══ Data for this task

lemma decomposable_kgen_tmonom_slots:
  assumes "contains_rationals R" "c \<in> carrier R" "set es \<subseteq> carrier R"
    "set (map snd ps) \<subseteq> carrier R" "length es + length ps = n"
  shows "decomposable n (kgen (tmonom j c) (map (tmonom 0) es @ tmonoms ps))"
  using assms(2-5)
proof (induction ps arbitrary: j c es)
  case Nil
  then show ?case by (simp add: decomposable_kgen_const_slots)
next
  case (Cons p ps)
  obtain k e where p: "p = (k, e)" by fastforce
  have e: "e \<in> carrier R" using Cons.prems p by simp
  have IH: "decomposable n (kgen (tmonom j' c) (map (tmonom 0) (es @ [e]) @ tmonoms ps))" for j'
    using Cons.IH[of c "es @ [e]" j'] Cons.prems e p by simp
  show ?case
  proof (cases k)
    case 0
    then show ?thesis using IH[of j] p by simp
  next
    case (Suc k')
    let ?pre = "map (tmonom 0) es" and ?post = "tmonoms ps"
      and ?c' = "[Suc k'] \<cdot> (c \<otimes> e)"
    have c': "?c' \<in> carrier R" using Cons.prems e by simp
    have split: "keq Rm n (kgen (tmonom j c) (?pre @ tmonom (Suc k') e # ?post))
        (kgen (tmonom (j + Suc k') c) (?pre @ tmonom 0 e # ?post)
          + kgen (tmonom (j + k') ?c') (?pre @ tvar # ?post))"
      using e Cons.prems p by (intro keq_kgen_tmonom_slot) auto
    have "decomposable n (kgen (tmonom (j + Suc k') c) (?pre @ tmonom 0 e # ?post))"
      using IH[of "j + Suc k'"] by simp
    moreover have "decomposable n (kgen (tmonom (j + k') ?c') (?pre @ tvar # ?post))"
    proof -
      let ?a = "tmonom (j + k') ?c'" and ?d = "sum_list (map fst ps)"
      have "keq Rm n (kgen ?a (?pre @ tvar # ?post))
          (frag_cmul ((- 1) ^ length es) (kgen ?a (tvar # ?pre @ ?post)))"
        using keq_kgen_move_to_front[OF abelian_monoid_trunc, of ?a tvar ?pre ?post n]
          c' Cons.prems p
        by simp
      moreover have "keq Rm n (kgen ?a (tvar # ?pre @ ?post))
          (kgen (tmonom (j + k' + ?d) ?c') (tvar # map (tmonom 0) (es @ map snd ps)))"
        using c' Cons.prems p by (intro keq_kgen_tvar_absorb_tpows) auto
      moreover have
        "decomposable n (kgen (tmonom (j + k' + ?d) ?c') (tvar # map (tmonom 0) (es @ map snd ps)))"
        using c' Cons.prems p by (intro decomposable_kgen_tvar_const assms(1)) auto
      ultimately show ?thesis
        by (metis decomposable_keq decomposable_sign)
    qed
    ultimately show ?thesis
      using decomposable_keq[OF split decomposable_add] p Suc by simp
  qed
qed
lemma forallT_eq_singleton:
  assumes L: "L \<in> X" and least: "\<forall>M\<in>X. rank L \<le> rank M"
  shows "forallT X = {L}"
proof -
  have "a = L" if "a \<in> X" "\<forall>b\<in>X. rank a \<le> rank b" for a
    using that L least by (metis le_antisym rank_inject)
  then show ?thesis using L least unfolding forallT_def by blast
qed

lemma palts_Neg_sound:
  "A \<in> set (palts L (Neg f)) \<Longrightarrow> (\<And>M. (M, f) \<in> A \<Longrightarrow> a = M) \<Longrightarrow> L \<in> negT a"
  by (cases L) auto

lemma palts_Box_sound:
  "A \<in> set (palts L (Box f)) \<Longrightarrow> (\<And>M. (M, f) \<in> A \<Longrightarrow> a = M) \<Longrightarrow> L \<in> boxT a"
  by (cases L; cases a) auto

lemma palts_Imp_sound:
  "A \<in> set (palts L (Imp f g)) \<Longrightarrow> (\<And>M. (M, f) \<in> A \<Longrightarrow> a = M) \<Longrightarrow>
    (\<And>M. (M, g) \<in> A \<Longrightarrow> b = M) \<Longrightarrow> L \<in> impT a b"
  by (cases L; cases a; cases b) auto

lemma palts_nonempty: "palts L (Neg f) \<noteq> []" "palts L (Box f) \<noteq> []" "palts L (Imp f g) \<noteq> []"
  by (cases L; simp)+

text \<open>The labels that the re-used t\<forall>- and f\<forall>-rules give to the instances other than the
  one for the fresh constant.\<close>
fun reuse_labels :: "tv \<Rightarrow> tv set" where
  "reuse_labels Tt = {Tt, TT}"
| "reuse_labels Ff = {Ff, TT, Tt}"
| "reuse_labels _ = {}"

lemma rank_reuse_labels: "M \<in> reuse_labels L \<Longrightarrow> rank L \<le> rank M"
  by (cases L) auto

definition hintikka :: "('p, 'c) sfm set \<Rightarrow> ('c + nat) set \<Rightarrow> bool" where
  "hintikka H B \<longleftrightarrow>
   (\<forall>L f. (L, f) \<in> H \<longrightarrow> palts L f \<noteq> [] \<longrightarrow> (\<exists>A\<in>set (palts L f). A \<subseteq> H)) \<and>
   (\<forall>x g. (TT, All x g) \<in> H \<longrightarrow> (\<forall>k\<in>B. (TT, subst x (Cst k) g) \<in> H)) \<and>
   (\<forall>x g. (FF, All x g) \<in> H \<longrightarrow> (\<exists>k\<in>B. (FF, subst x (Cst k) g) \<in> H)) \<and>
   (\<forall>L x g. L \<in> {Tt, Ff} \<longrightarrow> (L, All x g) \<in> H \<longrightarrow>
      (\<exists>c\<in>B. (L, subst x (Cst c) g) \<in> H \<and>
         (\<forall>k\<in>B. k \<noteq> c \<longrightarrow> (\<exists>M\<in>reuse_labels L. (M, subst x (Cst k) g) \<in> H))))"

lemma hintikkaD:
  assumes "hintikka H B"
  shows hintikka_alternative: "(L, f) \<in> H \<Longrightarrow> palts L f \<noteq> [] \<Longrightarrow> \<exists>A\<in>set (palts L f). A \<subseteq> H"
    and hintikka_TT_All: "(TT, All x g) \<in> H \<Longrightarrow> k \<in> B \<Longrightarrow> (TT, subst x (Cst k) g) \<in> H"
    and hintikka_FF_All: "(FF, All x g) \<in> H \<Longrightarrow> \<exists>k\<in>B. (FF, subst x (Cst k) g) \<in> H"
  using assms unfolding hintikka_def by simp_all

════
══ Data for this task

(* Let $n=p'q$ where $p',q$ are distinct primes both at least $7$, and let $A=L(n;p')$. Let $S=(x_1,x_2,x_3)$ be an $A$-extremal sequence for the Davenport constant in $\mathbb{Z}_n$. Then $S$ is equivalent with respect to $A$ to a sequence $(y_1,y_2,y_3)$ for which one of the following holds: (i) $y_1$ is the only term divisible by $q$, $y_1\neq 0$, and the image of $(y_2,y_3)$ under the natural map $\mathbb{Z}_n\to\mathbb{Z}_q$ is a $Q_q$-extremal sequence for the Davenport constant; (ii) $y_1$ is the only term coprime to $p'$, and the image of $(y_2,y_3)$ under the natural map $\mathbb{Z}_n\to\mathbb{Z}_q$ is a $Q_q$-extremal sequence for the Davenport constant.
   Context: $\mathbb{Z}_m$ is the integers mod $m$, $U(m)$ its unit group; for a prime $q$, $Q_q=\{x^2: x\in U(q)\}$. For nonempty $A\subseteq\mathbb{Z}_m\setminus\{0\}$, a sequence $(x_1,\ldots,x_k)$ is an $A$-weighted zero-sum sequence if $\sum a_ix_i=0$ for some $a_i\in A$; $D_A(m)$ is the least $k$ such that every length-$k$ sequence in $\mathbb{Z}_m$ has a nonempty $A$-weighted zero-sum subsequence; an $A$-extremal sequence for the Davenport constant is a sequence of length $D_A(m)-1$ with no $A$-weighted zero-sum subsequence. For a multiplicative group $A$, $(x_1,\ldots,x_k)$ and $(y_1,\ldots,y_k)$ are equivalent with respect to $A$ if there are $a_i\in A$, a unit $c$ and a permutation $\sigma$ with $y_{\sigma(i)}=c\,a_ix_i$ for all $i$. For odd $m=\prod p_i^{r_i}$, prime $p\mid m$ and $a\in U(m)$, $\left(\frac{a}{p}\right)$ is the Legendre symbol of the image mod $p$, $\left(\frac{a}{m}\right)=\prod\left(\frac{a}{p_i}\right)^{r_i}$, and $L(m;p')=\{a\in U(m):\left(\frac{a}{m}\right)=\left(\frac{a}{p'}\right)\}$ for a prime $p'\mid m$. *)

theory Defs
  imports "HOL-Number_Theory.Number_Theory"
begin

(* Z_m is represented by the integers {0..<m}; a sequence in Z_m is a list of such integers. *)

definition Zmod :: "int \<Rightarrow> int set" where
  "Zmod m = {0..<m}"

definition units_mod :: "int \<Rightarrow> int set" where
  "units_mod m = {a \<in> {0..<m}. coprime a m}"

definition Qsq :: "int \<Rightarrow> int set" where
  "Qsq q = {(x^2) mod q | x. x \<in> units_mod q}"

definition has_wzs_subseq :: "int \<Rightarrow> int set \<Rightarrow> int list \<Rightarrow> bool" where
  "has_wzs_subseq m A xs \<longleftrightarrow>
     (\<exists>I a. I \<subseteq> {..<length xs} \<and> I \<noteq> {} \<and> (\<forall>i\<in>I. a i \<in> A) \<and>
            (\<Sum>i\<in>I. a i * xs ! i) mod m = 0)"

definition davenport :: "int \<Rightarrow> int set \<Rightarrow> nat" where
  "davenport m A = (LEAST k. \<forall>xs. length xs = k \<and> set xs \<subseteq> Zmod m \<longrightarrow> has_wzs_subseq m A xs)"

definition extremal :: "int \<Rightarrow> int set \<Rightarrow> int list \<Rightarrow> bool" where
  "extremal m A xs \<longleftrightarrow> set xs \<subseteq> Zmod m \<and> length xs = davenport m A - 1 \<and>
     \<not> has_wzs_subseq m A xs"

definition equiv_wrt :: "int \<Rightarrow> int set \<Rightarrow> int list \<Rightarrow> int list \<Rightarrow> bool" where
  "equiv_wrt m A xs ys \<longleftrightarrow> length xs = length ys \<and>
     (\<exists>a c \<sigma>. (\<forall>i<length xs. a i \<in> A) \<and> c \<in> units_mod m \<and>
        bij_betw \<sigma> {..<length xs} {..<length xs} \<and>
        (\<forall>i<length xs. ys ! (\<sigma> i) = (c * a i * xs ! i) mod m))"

════

* [Work order]:
From the data above, reproduce word for word the lines running from the line with "using e Cons.prems" to the line with "by (cases L; cases a) auto", ends included.

* [Solution for this exercise]:
      using e Cons.prems p by (intro keq_kgen_tmonom_slot) auto
    have "decomposable n (kgen (tmonom (j + Suc k') c) (?pre @ tmonom 0 e # ?post))"
      using IH[of "j + Suc k'"] by simp
    moreover have "decomposable n (kgen (tmonom (j + k') ?c') (?pre @ tvar # ?post))"
    proof -
      let ?a = "tmonom (j + k') ?c'" and ?d = "sum_list (map fst ps)"
      have "keq Rm n (kgen ?a (?pre @ tvar # ?post))
          (frag_cmul ((- 1) ^ length es) (kgen ?a (tvar # ?pre @ ?post)))"
        using keq_kgen_move_to_front[OF abelian_monoid_trunc, of ?a tvar ?pre ?post n]
          c' Cons.prems p
        by simp
      moreover have "keq Rm n (kgen ?a (tvar # ?pre @ ?post))
          (kgen (tmonom (j + k' + ?d) ?c') (tvar # map (tmonom 0) (es @ map snd ps)))"
        using c' Cons.prems p by (intro keq_kgen_tvar_absorb_tpows) auto
      moreover have
        "decomposable n (kgen (tmonom (j + k' + ?d) ?c') (tvar # map (tmonom 0) (es @ map snd ps)))"
        using c' Cons.prems p by (intro decomposable_kgen_tvar_const assms(1)) auto
      ultimately show ?thesis
        by (metis decomposable_keq decomposable_sign)
    qed
    ultimately show ?thesis
      using decomposable_keq[OF split decomposable_add] p Suc by simp
  qed
qed
lemma forallT_eq_singleton:
  assumes L: "L \<in> X" and least: "\<forall>M\<in>X. rank L \<le> rank M"
  shows "forallT X = {L}"
proof -
  have "a = L" if "a \<in> X" "\<forall>b\<in>X. rank a \<le> rank b" for a
    using that L least by (metis le_antisym rank_inject)
  then show ?thesis using L least unfolding forallT_def by blast
qed

lemma palts_Neg_sound:
  "A \<in> set (palts L (Neg f)) \<Longrightarrow> (\<And>M. (M, f) \<in> A \<Longrightarrow> a = M) \<Longrightarrow> L \<in> negT a"
  by (cases L) auto

lemma palts_Box_sound:
  "A \<in> set (palts L (Box f)) \<Longrightarrow> (\<And>M. (M, f) \<in> A \<Longrightarrow> a = M) \<Longrightarrow> L \<in> boxT a"
  by (cases L; cases a) auto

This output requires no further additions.